▸ Requirement
Which lines of the material contain the word "commute"? Show each one.

***** Given information

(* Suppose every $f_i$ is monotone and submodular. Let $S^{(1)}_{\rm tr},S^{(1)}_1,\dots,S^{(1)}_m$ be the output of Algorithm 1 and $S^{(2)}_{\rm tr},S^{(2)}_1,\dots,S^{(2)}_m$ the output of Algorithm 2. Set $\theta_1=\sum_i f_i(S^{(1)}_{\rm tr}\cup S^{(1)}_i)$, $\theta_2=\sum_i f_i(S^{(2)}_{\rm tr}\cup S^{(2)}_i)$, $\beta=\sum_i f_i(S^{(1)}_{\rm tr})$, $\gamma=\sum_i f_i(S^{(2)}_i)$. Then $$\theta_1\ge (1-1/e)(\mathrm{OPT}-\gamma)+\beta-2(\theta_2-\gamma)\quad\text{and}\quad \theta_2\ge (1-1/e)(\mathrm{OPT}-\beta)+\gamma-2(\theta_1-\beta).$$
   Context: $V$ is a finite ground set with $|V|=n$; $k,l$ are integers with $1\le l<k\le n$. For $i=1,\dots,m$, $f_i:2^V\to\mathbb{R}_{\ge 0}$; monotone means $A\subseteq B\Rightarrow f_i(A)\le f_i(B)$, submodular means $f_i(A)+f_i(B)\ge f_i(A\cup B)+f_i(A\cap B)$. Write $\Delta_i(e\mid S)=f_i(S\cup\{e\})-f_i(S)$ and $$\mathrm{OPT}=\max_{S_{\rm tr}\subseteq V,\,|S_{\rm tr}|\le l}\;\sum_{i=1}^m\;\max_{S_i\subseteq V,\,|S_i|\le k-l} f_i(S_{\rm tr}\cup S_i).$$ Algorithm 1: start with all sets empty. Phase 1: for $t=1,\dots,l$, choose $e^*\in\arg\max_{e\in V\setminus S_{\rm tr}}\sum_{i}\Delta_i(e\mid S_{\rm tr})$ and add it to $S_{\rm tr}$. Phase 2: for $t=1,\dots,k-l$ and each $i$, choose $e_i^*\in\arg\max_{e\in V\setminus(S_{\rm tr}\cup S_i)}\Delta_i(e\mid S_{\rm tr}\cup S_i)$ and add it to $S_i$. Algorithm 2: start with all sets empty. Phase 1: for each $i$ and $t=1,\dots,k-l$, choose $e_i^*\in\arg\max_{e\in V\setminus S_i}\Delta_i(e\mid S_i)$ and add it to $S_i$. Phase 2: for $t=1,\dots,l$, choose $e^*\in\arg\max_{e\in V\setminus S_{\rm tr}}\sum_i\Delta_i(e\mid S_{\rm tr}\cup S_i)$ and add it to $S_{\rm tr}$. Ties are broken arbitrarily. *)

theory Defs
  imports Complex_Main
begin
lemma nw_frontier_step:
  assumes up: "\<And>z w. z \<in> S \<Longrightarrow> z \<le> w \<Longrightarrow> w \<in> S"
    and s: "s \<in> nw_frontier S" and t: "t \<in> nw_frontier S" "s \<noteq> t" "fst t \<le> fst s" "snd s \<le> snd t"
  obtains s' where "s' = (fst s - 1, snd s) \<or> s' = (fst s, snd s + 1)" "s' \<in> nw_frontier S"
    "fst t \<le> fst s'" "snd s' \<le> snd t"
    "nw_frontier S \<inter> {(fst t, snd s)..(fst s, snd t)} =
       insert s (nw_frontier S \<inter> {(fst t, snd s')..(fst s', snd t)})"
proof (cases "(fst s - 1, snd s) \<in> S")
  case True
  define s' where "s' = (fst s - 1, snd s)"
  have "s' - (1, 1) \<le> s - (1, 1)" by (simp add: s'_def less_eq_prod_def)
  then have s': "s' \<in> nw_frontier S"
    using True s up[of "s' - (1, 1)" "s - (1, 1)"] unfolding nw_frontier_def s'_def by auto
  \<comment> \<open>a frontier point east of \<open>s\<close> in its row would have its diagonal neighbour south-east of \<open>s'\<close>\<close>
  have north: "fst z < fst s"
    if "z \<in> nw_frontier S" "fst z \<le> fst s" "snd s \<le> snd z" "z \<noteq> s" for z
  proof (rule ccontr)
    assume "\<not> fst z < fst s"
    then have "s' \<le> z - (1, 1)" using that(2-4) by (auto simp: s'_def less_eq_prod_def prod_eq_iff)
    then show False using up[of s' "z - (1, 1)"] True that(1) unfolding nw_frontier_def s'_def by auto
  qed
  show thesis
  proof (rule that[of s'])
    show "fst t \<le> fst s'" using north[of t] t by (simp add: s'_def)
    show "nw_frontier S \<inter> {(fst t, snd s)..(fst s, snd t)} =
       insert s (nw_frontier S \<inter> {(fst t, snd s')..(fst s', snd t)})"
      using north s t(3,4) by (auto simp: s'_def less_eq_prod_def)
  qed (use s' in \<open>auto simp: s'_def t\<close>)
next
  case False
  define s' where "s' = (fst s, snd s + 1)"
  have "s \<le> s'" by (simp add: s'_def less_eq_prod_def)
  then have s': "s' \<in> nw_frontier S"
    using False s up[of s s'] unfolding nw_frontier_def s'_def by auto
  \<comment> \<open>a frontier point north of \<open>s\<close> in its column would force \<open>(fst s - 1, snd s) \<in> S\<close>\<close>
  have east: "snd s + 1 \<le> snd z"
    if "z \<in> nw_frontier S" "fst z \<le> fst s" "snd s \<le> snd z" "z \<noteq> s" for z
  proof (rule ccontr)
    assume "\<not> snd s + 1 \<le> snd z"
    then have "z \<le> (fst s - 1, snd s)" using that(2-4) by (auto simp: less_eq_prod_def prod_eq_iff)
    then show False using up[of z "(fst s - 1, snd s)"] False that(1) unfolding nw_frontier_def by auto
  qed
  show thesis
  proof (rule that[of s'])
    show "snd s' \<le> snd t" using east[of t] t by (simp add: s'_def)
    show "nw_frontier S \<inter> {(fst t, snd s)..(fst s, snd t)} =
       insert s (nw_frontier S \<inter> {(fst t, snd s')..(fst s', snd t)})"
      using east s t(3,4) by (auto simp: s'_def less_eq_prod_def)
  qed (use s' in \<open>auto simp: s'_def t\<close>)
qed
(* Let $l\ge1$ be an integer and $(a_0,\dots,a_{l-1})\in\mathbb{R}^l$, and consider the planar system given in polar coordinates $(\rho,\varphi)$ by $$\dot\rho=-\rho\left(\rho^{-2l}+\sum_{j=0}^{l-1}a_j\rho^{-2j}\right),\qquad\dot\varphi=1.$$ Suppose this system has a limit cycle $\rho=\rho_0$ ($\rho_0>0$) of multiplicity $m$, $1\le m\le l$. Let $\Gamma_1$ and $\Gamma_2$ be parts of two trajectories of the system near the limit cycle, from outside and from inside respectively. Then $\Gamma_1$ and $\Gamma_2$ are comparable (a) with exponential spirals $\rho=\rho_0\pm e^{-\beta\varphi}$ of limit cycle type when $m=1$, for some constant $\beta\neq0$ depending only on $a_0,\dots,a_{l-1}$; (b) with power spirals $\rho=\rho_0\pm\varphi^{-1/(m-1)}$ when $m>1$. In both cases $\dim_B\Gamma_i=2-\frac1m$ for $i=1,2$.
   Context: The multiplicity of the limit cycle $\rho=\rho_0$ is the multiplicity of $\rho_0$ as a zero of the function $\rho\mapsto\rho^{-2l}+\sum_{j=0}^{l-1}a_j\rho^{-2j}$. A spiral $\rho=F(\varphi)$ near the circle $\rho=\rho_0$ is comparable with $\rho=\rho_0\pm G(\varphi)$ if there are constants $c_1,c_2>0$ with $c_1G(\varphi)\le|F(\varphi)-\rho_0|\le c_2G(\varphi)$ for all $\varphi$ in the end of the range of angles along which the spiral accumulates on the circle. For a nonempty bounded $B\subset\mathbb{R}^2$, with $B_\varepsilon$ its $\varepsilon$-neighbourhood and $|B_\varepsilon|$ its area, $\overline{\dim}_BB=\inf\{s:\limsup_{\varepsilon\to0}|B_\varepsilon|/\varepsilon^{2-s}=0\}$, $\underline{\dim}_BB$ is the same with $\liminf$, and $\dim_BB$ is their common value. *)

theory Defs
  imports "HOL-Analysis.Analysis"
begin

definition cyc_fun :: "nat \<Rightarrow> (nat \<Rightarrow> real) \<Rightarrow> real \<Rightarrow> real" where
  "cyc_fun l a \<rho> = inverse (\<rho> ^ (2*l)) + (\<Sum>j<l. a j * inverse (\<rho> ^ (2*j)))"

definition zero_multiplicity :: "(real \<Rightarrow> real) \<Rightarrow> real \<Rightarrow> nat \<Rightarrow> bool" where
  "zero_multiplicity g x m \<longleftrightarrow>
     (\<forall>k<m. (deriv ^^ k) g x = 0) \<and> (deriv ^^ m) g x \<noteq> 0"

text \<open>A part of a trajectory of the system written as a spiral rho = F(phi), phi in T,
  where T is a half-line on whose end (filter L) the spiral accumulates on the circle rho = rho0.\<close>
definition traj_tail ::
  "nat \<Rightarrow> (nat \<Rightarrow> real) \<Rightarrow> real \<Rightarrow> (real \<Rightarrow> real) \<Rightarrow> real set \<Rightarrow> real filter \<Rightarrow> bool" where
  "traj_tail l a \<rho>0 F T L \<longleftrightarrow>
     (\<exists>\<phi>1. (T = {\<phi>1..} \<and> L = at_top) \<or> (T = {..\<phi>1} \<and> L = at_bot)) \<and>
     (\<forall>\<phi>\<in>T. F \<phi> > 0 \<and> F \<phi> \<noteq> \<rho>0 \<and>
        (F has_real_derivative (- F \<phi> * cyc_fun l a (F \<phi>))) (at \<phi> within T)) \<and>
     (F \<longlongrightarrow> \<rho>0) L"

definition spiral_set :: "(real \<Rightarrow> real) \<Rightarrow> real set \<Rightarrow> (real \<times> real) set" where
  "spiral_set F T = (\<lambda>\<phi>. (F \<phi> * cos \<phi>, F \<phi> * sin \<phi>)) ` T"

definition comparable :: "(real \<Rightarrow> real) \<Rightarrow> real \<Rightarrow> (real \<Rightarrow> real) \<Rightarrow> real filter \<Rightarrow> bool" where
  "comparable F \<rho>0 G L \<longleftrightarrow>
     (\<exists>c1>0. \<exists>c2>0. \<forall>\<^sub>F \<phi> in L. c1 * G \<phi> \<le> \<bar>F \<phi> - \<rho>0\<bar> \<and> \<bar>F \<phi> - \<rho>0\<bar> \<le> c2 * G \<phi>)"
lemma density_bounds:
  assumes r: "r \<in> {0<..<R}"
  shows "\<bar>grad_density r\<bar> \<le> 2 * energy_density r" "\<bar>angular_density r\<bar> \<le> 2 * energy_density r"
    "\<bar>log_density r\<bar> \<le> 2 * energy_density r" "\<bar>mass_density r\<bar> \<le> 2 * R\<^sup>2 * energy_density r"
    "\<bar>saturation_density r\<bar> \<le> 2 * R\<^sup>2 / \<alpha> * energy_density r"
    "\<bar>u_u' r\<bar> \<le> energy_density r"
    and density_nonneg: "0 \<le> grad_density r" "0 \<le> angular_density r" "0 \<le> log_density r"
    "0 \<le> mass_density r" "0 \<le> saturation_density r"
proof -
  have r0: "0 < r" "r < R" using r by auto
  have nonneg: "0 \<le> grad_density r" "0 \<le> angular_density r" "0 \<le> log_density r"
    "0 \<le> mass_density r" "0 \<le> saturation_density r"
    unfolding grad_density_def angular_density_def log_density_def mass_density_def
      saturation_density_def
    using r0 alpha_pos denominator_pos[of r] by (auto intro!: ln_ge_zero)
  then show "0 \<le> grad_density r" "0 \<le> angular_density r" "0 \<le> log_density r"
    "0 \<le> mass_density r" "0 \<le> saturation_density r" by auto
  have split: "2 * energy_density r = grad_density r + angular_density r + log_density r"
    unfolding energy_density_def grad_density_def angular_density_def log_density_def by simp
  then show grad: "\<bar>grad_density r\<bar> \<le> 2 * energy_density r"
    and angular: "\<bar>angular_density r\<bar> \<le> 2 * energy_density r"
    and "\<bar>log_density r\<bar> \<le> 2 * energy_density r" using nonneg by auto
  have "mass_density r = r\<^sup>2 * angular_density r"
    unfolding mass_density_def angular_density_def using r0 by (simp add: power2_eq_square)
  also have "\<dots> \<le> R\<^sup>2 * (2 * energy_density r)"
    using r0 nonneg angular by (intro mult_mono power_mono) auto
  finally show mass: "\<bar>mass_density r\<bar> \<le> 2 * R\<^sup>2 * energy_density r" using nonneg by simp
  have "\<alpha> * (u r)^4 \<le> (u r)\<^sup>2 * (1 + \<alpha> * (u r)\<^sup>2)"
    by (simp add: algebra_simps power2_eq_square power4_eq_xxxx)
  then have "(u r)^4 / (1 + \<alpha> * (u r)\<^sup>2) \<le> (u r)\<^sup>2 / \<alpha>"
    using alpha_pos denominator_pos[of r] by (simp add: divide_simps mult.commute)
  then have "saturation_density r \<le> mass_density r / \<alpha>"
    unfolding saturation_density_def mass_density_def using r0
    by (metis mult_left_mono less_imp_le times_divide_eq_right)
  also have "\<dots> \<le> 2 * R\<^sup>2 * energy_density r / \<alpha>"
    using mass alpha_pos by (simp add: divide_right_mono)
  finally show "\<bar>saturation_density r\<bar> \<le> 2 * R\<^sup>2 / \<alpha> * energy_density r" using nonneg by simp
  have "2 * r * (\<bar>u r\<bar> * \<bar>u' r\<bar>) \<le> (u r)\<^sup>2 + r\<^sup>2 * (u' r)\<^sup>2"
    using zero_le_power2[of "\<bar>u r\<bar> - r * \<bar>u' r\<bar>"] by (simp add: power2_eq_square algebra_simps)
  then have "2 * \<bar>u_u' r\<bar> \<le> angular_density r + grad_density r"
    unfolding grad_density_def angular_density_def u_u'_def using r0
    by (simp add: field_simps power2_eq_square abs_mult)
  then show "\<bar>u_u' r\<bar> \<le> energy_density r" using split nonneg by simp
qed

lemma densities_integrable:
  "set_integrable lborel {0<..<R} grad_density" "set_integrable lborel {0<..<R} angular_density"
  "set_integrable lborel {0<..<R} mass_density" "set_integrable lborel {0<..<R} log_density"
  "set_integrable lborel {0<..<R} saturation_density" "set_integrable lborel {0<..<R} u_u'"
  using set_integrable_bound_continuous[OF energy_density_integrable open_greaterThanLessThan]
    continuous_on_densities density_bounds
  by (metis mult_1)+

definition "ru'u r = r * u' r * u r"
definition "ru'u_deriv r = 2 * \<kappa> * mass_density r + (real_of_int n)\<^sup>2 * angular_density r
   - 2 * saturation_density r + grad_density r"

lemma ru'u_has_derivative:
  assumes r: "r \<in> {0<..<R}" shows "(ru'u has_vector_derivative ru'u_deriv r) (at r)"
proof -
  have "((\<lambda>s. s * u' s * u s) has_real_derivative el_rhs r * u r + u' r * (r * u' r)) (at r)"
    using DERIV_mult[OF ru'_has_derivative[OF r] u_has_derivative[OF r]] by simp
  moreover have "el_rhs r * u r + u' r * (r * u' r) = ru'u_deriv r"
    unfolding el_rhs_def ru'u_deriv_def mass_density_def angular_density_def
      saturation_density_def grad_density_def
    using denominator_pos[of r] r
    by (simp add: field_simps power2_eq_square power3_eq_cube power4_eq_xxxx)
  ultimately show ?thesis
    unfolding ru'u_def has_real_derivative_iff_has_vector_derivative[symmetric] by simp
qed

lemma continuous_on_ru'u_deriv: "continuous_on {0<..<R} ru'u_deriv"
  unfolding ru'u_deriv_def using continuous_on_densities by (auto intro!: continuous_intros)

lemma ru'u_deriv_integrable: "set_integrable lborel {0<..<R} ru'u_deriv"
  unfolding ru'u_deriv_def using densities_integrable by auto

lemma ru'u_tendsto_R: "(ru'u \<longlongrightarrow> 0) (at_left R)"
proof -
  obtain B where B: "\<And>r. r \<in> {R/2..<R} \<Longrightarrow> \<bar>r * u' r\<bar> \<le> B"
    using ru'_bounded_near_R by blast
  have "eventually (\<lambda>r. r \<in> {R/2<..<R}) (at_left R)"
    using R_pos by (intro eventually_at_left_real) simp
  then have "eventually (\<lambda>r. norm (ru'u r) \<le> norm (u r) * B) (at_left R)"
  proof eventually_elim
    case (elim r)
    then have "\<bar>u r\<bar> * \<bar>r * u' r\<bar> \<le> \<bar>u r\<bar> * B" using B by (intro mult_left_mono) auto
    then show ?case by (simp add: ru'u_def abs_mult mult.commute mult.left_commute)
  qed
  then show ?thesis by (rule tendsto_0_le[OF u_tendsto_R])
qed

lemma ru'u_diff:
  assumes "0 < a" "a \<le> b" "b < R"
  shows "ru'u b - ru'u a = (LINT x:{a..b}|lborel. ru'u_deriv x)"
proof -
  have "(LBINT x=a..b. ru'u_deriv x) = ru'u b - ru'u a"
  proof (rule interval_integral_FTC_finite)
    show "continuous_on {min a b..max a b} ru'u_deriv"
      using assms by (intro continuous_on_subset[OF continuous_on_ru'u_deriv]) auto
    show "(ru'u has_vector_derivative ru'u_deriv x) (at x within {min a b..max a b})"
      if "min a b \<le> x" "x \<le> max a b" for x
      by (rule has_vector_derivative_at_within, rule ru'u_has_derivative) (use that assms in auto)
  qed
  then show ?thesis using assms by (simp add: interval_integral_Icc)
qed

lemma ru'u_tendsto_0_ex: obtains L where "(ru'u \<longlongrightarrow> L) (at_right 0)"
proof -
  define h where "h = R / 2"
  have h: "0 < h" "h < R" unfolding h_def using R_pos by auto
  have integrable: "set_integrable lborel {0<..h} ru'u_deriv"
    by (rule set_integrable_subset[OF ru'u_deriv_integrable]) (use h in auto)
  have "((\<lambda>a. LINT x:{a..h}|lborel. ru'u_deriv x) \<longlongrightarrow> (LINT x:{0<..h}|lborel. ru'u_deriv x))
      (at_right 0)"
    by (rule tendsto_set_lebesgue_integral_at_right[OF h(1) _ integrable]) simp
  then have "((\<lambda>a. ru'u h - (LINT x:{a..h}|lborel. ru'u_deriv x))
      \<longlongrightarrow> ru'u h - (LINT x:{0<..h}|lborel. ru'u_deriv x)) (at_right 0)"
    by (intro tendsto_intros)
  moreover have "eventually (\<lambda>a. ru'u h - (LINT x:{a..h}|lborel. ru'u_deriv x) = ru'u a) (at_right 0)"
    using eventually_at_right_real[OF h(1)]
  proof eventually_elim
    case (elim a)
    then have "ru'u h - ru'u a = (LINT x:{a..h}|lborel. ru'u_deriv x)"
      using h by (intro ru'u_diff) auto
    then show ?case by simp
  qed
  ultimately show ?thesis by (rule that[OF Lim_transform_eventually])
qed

**********

▸ Response box
    using alpha_pos denominator_pos[of r] by (simp add: divide_simps mult.commute)
    then show ?case by (simp add: ru'u_def abs_mult mult.commute mult.left_commute)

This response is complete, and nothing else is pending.